Ces gens sont très proches de la nature. Ils pollénisent le thermique en partant de files dioïques et paripenneées pour parvenir aux limbes. Il y a plusieurs types d'inflorescences : l'épi, le cyme, la grappe, le corymbe, l'ombelle, la capitule (qui vient à la fin). La grappe est à part : d'un côté il ne faut surtout pas la lacher, et de l'aure il faut qu'on vous la lache.

La graine vole au vent et l'errance est l'essence de la quête. Certains portent un maillot \"Equipe des Rances\". Ce sont les plus héliotropes. Ils sont tubérisés (gonflés de réserves) et savent comment faire dans la panicule (inflorescence rameuse).

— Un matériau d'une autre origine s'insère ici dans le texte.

lemma (in prob_space) hppp_far_shot_noise_nn_integral_le:
  assumes H: "hppp M mu p"
    and V: "\<And>n. distributed M lborel (V n) (\<lambda>x. ennreal (exponential_density 1 x))"
    and indep: "\<And>n A C. A \<in> sets borel \<Longrightarrow> C \<in> sets borel \<Longrightarrow>
      prob ({\<omega>\<in>space M. p n \<omega> \<in> A} \<inter> (V n -` C \<inter> space M))
        = prob {\<omega>\<in>space M. p n \<omega> \<in> A} * prob (V n -` C \<inter> space M)"
    and c: "0 \<le> c" and a: "2 < a"
  shows "(\<integral>\<^sup>+\<omega>. far_shot_noise p V c a \<omega> \<partial>M) \<le> ennreal (16 * c * mu / (1 - 2 powr (2 - a)))"
proof -
  have [measurable]: "V n \<in> borel_measurable M" for n
    using distributed_measurable[OF V[of n]] by simp
  have mu: "0 \<le> mu" by (rule hppp_intensity_nonneg[OF H])
  define q where "q = 2 powr (- a)"
  define S where "S m \<omega> = (\<Sum>n. indicator (dyadic_shell m) (p n \<omega>) * ennreal (V n \<omega>))" for m \<omega>
  have [measurable]: "S m \<in> borel_measurable M" for m unfolding S_def using H by measurable
  have "(\<integral>\<^sup>+\<omega>. far_shot_noise p V c a \<omega> \<partial>M) \<le> (\<integral>\<^sup>+\<omega>. (\<Sum>m. ennreal (q ^ m * c) * S m \<omega>) \<partial>M)"
    unfolding q_def S_def using c a by (intro nn_integral_mono far_shot_noise_le_dyadic_shells) auto
  also have "\<dots> = (\<Sum>m. ennreal (q ^ m * c) * (\<integral>\<^sup>+\<omega>. S m \<omega> \<partial>M))"
    by (simp add: nn_integral_suminf nn_integral_cmult)
  also have "\<dots> = (\<Sum>m. ennreal (q ^ m * c * (mu * measure lborel (dyadic_shell m))))"
  proof -
    have "(\<integral>\<^sup>+\<omega>. S m \<omega> \<partial>M) = ennreal (mu * measure lborel (dyadic_shell m))" for m
      unfolding S_def using H
      by (subst nn_integral_suminf) (auto intro!: hppp_marked_nn_integral[OF H _ _ V indep]
          simp: bounded_dyadic_shell)
    then show ?thesis using c mu by (simp add: q_def ennreal_mult)
  qed
  also have "\<dots> \<le> (\<Sum>m. ennreal (16 * c * mu * (4 * q) ^ m))"
  proof (intro suminf_le allI ennreal_leI)
    fix m
    have "q ^ m * c * (mu * measure lborel (dyadic_shell m)) \<le> q ^ m * c * (mu * (16 * 4 ^ m))"
      using measure_dyadic_shell_le[of m] mu c by (intro mult_left_mono) (auto simp: q_def)
    then show "q ^ m * c * (mu * measure lborel (dyadic_shell m)) \<le> 16 * c * mu * (4 * q) ^ m"
      by (simp add: power_mult_distrib mult_ac)
  qed auto
  also have "\<dots> = ennreal (16 * c * mu / (1 - 2 powr (2 - a)))"
  proof -
    have q: "4 * q = 2 powr (2 - a)" unfolding q_def by (simp add: powr_diff powr_minus divide_inverse)
    have r: "0 \<le> 2 powr (2 - a)" "2 powr (2 - a) < (1::real)"
      using a powr_less_cancel_iff[of 2 "2 - a" 0] by auto
    have "(\<lambda>m. 16 * c * mu * (4 * q) ^ m) sums (16 * c * mu * (1 / (1 - 2 powr (2 - a))))"
      unfolding q by (intro sums_mult geometric_sums) (use r in auto)
    then show ?thesis using c r mu by (subst suminf_ennreal_eq) (auto simp: q)
  qed
  finally show ?thesis .
qed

A ce stace, j'avais déjà du mal à suivre leurs explications, et je n'en étais plus à mon premier verre. Je vois alors passer un mystique agité psalmodiant \"mes docs ! mes docs ! mes docs ! Version 3.2.0.; 3.2.0., 3.2.0. Ca envoie Graves. Une caisse. Toutes les 13 minutes ouverture de la fenêtre, French Windows.Suis-je bouchonné, boisé ou vaché ? Mon purinomètre a décroché. Je n'ai pas pu me les poudrer !\"

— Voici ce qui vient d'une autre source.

(* Let $k\ge2$, $d=2^k+1$, and let $f(x)=x^d+g(x)$ with $g(x)=\sum_{j=0}^{2^{k-1}+1}a_jx^j\in\mathbb{F}_q[x]$ (so $\deg g\le 2^{k-1}+1$). Suppose there is an index $j$ with $a_j\neq0$ such that $\phi_j(x,y,z)$ is absolutely irreducible. Then $\phi(x,y,z)$ is absolutely irreducible.
   Context: Let $q=2^m$. For an integer $j\ge0$ let $\phi_j(x,y,z)=\dfrac{x^j+y^j+z^j+(x+y+z)^j}{(x+y)(x+z)(y+z)}$, a homogeneous polynomial of degree $j-3$ over $\mathbb{F}_2$. For $f\in\mathbb{F}_q[x]$ let $\phi(x,y,z)=\dfrac{f(x)+f(y)+f(z)+f(x+y+z)}{(x+y)(x+z)(y+z)}\in\mathbb{F}_q[x,y,z]$. Absolutely irreducible means irreducible (and nonconstant) over $\overline{\mathbb{F}_q}$. *)

theory Defs
  imports "HOL-Algebra.Algebraic_Closure_Type"
begin

text \<open>Trivariate polynomials K[x,y,z] are represented as nested univariate polynomials
  ((K[z])[y])[x]: the outermost variable is x, the middle one y, the innermost z.\<close>

type_synonym 'a tpoly = "'a poly poly poly"

definition tconst :: "'a::zero \<Rightarrow> 'a tpoly" where
  "tconst c = [:[:[:c:]:]:]"

definition varX :: "'a::comm_semiring_1 tpoly" where "varX = [:0, 1:]"
definition varY :: "'a::comm_semiring_1 tpoly" where "varY = [:[:0, 1:]:]"
definition varZ :: "'a::comm_semiring_1 tpoly" where "varZ = [:[:[:0, 1:]:]:]"

definition subst3 :: "'a::comm_ring_1 poly \<Rightarrow> 'a tpoly \<Rightarrow> 'a tpoly" where
  "subst3 f t = poly (map_poly tconst f) t"

text \<open>phi for f: (f(x)+f(y)+f(z)+f(x+y+z)) / ((x+y)(x+z)(y+z)) (exact division).\<close>
definition phi_of :: "'a::field poly \<Rightarrow> 'a tpoly" where
  "phi_of f = (subst3 f varX + subst3 f varY + subst3 f varZ + subst3 f (varX + varY + varZ))
      div ((varX + varY) * (varX + varZ) * (varY + varZ))"

text \<open>phi_j: the polynomial phi for f = x^j (its coefficients lie in the prime field F_2).\<close>
definition phi_j :: "nat \<Rightarrow> 'a::field tpoly" where
  "phi_j j = phi_of (monom 1 j)"

definition abs_irreducible :: "'a::field tpoly \<Rightarrow> bool" where
  "abs_irreducible P \<longleftrightarrow> irreducible (map_poly (map_poly (map_poly to_ac)) P)"

end

theory Submission
  imports Defs "HOL-Number_Theory.Residues"
begin

(* Work over the algebraic closure K of F_q (characteristic 2); the statement
   over F_q is transported there at the very end, since phi_of commutes with field embeddings.
   Write phi = phi_of f and expand it as phi = sum_j f_j phi_j, where phi_j is homogeneous of
   degree j - 3.  The homogeneous decomposition h(tx,ty,tz) = sum_i h_i t^i (the map
   homog_parts below) is a ring homomorphism K[x,y,z] -> K[x,y,z][t], so a factorisation
   phi = P Q induces a factorisation of the graded polynomial.  For d = 2^k + 1 the top piece phi_d is a product
   of 2^k - 2 distinct linear factors x + rho(y,z), while the degree bound on g makes all pieces
   of degree between (deg phi)/2 and deg phi vanish.  Comparing graded pieces (gap lemma) forces
   the factor Q of smaller degree to be homogeneous and a product of such linear factors.  Then
   Q divides the graded piece f_j phi_j coming from the index j of the hypothesis, hence Q is
   associate to the irreducible phi_j, so phi_j is homogeneous of degree 1, i.e. j = 4; but
   phi_4 = 0 in characteristic 2.  The file develops, in this order: ring homomorphisms given as
   functions, characteristic 2, products of linear factors and the gap lemma, the homogeneous
   decomposition, the numerators N_j and their quotients phi_j, the splitting of phi_(2^k+1),
   and finally the irreducibility argument over K and its transfer from F_q. *)

section \<open>Ring homomorphisms given as functions\<close>

definition is_ring_hom :: "('a::comm_ring_1 \<Rightarrow> 'b::comm_ring_1) \<Rightarrow> bool" where
  "is_ring_hom h \<longleftrightarrow> h 0 = 0 \<and> h 1 = 1 \<and>
     (\<forall>a b. h (a + b) = h a + h b) \<and> (\<forall>a b. h (a * b) = h a * h b)"

lemma is_ring_homD:
  assumes "is_ring_hom h"
  shows "h 0 = 0" "h 1 = 1" "h (a + b) = h a + h b" "h (a * b) = h a * h b"
  using assms unfolding is_ring_hom_def by auto

lemma ring_hom_minus: assumes "is_ring_hom h" shows "h (- a) = - h a"
proof -
  have "h (- a) + h a = 0" using is_ring_homD(3)[OF assms, of "- a" a] is_ring_homD(1)[OF assms] by simp
  thus ?thesis by (simp add: eq_neg_iff_add_eq_0)
qed

lemma ring_hom_power: assumes "is_ring_hom h" shows "h (a ^ n) = h a ^ n"
  by (induction n) (simp_all add: is_ring_homD[OF assms])

lemma ring_hom_sum: assumes "is_ring_hom h" shows "h (sum g A) = (\<Sum>x\<in>A. h (g x))"
  by (induction A rule: infinite_finite_induct) (simp_all add: is_ring_homD[OF assms])

lemma is_ring_hom_comp: "is_ring_hom h \<Longrightarrow> is_ring_hom h' \<Longrightarrow> is_ring_hom (\<lambda>x. h' (h x))"
  unfolding is_ring_hom_def by auto

lemma is_ring_hom_pCons_const: "is_ring_hom (\<lambda>a. [:a:])"
  unfolding is_ring_hom_def by (auto simp: one_pCons)

lemma is_ring_hom_poly: "is_ring_hom (\<lambda>p. poly p v)"
  unfolding is_ring_hom_def by auto

lemma map_poly_add_hom:
  assumes "is_ring_hom h" shows "map_poly h (p + q) = map_poly h p + map_poly h q"
  by (rule poly_eqI) (simp add: coeff_map_poly is_ring_homD[OF assms])

lemma map_poly_mult_hom:
  assumes "is_ring_hom h" shows "map_poly h (p * q) = map_poly h p * map_poly h q"
proof (induction p)
  case 0 then show ?case by (simp add: is_ring_homD[OF assms])
next
  case (pCons a p)
  have "map_poly h (pCons a p * q) = map_poly h (smult a q + pCons 0 (p * q))" by simp
  also have "\<dots> = smult (h a) (map_poly h q) + pCons 0 (map_poly h p * map_poly h q)"
    using pCons by (simp add: map_poly_add_hom[OF assms] map_poly_smult map_poly_pCons is_ring_homD[OF assms])
  also have "\<dots> = map_poly h (pCons a p) * map_poly h q"
    by (simp add: map_poly_pCons is_ring_homD[OF assms])
  finally show ?case .
qed

lemma is_ring_hom_map_poly: assumes "is_ring_hom h" shows "is_ring_hom (map_poly h)"
  unfolding is_ring_hom_def
  by (auto simp: is_ring_homD[OF assms] map_poly_mult_hom[OF assms] map_poly_add_hom[OF assms])

lemma is_ring_hom_poly_map: "is_ring_hom h \<Longrightarrow> is_ring_hom (\<lambda>p. poly (map_poly h p) v)"
  using is_ring_hom_comp[OF is_ring_hom_map_poly is_ring_hom_poly] by blast

lemma ring_hom_poly_commute:
  assumes "is_ring_hom h" shows "h (poly p v) = poly (map_poly h p) (h v)"
  by (induction p) (simp_all add: map_poly_pCons is_ring_homD[OF assms])

lemma ring_hom_eq_0_iff:
  fixes h :: "'a::field \<Rightarrow> 'b::field"
  assumes "is_ring_hom h" shows "h x = 0 \<longleftrightarrow> x = 0"
proof
  assume hx: "h x = 0"
  show "x = 0"
  proof (rule ccontr)
    assume "x \<noteq> 0"
    hence "h x * h (inverse x) = 1"
      using is_ring_homD(4)[OF assms, of x "inverse x"] is_ring_homD(2)[OF assms] by simp
    thus False using hx by simp
  qed
qed (simp add: is_ring_homD[OF assms])

section \<open>Characteristic 2\<close>

lemma char2_neg: assumes "(2::'b::comm_ring_1) = 0" shows "- (a::'b) = a"
proof -
  have "a + a = 2 * a" by simp
  hence "a + a = 0" using assms by simp
  thus ?thesis by (simp add: add_eq_0_iff2 eq_neg_iff_add_eq_0)
qed

lemma char2_add_self: "(2::'b::comm_ring_1) = 0 \<Longrightarrow> (a::'b) + a = 0"
  by (metis mult_2 mult_zero_left)

lemma frobenius_add: assumes "(2::'b::comm_ring_1) = 0"
  shows "((a::'b) + b) ^ (2 ^ n) = a ^ (2 ^ n) + b ^ (2 ^ n)"
proof (induction n arbitrary: a b)
  case 0 then show ?case by simp
next
  case (Suc n)
  have sq: "(x + y)^2 = x^2 + y^2" for x y :: 'b
  proof -
    have "(x+y)^2 = x^2 + y^2 + 2 * (x*y)" by (simp add: power2_eq_square algebra_simps)
    thus ?thesis using assms by simp
  qed
  have "(a+b)^(2^Suc n) = ((a+b)^(2^n))^2" by (simp add: power_mult[symmetric] mult.commute)
  also have "\<dots> = (a^(2^n))^2 + (b^(2^n))^2" using Suc sq by simp
  also have "\<dots> = a^(2^Suc n) + b^(2^Suc n)" by (simp add: power_mult[symmetric] mult.commute)
  finally show ?case .
qed

lemma char2_poly: assumes "(2::'b::comm_ring_1) = 0" shows "(2::'b poly) = 0"
proof -
  have "(2::'b poly) = 1 + 1" by simp
  also have "\<dots> = [:1 + 1:]" by (simp add: one_pCons)
  finally have "(2::'b poly) = [:2:]" by simp
  with assms show ?thesis by simp
qed

lemma char2_of_card:
  assumes "card (UNIV :: 'a::{field,finite} set) = 2 ^ m"
  shows "(2::'a) = 0"
proof -
  have pr: "prime CHAR('a)" by (rule prime_CHAR_semidom[OF finite_imp_CHAR_pos]) simp
  have "CHAR('a) dvd 2 ^ m" using CHAR_dvd_CARD[where 'a='a] assms by simp
  hence "CHAR('a) dvd 2" using pr prime_dvd_power by blast
  hence "CHAR('a) \<le> 2" by (rule dvd_imp_le) simp
  moreover have "CHAR('a) > 1" using pr by (rule prime_gt_1_nat)
  ultimately have "CHAR('a) = 2" by simp
  thus ?thesis by (metis of_nat_CHAR of_nat_numeral)
qed


section \<open>Products of distinct linear factors\<close>

lemma roots_prod_dvd:
  fixes p :: "'r::idom poly"
  assumes "finite B" "\<forall>b\<in>B. poly p b = 0"
  shows "(\<Prod>b\<in>B. [:-b,1:]) dvd p"
  using assms
proof (induction B arbitrary: p rule: finite_induct)
  case empty then show ?case by simp
next
  case (insert b B)
  from insert.prems have "poly p b = 0" by simp
  then obtain p' where p': "p = [:-b,1:] * p'" by (auto simp: poly_eq_0_iff_dvd elim: dvdE)
  have "\<forall>c\<in>B. poly p' c = 0"
  proof
    fix c assume c: "c \<in> B"
    hence "c \<noteq> b" using insert.hyps by auto
    moreover have "poly p c = 0" using insert.prems c by simp
    ultimately show "poly p' c = 0" using p' by simp
  qed
  from insert.IH[OF this] have "(\<Prod>b\<in>B. [:-b,1:]) dvd p'" .
  moreover have "(\<Prod>b\<in>insert b B. [:-b,1:]) = [:-b,1:] * (\<Prod>b\<in>B. [:-b,1:])"
    using insert.hyps by simp
  ultimately show ?case using p' by (metis mult_dvd_mono dvd_refl)
qed

lemma degree_linprod: "finite B \<Longrightarrow> degree (\<Prod>b\<in>B. [:-b,1::'r::idom:]) = card B"
  by (subst degree_prod_eq_sum_degree) auto

lemma monic_linprod: "lead_coeff (\<Prod>b\<in>B. [:-b,1::'r::idom:]) = 1"
  by (simp add: lead_coeff_prod)

lemma linprod_nz: "(\<Prod>b\<in>B. [:-b,1::'r::idom:]) \<noteq> 0"
  using monic_linprod[of B] by (metis leading_coeff_0_iff zero_neq_one)

lemma poly_linprod_nz:
  fixes a :: "'r::idom"
  assumes "finite B" "a \<notin> B" "c \<noteq> 0"
  shows "poly (smult c (\<Prod>b\<in>B. [:-b,1:])) a \<noteq> 0"
  using assms by (auto simp: poly_prod)

lemma split_linprod:
  fixes p q :: "'r::idom poly"
  assumes "finite A" "p * q = (\<Prod>a\<in>A. [:-a,1:])"
  shows "\<exists>A1 A2 c1 c2. A1 \<union> A2 = A \<and> A1 \<inter> A2 = {} \<and> p = smult c1 (\<Prod>a\<in>A1. [:-a,1:])
          \<and> q = smult c2 (\<Prod>a\<in>A2. [:-a,1:]) \<and> c1 * c2 = 1"
  using assms
proof (induction A arbitrary: p q rule: finite_induct)
  case empty
  hence "p dvd 1" "q dvd 1" by (metis dvd_triv_left prod.empty, metis dvd_triv_right prod.empty)
  then obtain c1 c2 where "p = [:c1:]" "q = [:c2:]" by (auto elim!: is_unit_polyE)
  moreover from this empty have "[:c1 * c2:] = [:1:]" by (simp add: one_pCons mult.commute)
  ultimately show ?case
    by (intro exI[of _ "{}"] exI[of _ "{}"] exI[of _ c1] exI[of _ c2]) (auto simp: mult.commute)
next
  case (insert a A)
  have eq: "p * q = [:-a,1:] * (\<Prod>a\<in>A. [:-a,1:])" using insert by simp
  hence "poly (p*q) a = 0" by simp
  hence "poly p a = 0 \<or> poly q a = 0" by simp
  thus ?case
  proof
    assume "poly p a = 0"
    then obtain p' where p': "p = [:-a,1:] * p'" by (auto simp: poly_eq_0_iff_dvd elim: dvdE)
    with eq have "[:-a,1:] * (p' * q) = [:-a,1:] * (\<Prod>a\<in>A. [:-a,1:])" by (metis mult.assoc)
    hence "p' * q = (\<Prod>a\<in>A. [:-a,1:])" by (subst (asm) mult_left_cancel) auto
    from insert.IH[OF this] obtain A1 A2 c1 c2 where h: "A1 \<union> A2 = A" "A1 \<inter> A2 = {}"
      "p' = smult c1 (\<Prod>a\<in>A1. [:-a,1:])" "q = smult c2 (\<Prod>a\<in>A2. [:-a,1:])" "c1 * c2 = 1" by blast
    have "a \<notin> A1" "finite A1" using h(1) insert.hyps by auto
    hence "p = smult c1 (\<Prod>a\<in>insert a A1. [:-a,1:])" using p' h(3) by (simp add: mult_smult_right)
    thus ?thesis using h insert.hyps
      by (intro exI[of _ "insert a A1"] exI[of _ A2] exI[of _ c1] exI[of _ c2]) auto
  next
    assume "poly q a = 0"
    then obtain q' where q': "q = [:-a,1:] * q'" by (auto simp: poly_eq_0_iff_dvd elim: dvdE)
    with eq have "[:-a,1:] * (p * q') = [:-a,1:] * (\<Prod>a\<in>A. [:-a,1:])" by (metis mult.left_commute)
    hence "p * q' = (\<Prod>a\<in>A. [:-a,1:])" by (subst (asm) mult_left_cancel) auto
    from insert.IH[OF this] obtain A1 A2 c1 c2 where h: "A1 \<union> A2 = A" "A1 \<inter> A2 = {}"
      "p = smult c1 (\<Prod>a\<in>A1. [:-a,1:])" "q' = smult c2 (\<Prod>a\<in>A2. [:-a,1:])" "c1 * c2 = 1" by blast
    have "a \<notin> A2" "finite A2" using h(1) insert.hyps by auto
    hence "q = smult c2 (\<Prod>a\<in>insert a A2. [:-a,1:])" using q' h(4) by (simp add: mult_smult_right)
    thus ?thesis using h insert.hyps
      by (intro exI[of _ A1] exI[of _ "insert a A2"] exI[of _ c1] exI[of _ c2]) auto
  qed
qed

Je fus impressionné par les effets engendrés par les abus dangereux évidents de cet homme en mal de dépuratif vulnéraire et je me jurais bien de ne pas confondre les gesses et les vesces, tant il est vrai que même les belles plantes peuvent avoir des effets pervers.
Le pélerin doit maintenant rentrer dans sa coquille. Cette fête champêtre était bien belle. Sur en paille jaune des champs les bottes empilées construisaient des chateaux en Espagne. De nombreux rêves de victoires s'envolaient chaque jour. Pour moi, la route est encore longue avant de troquer mes semelles de plomb pour les escarpins magiques du vent.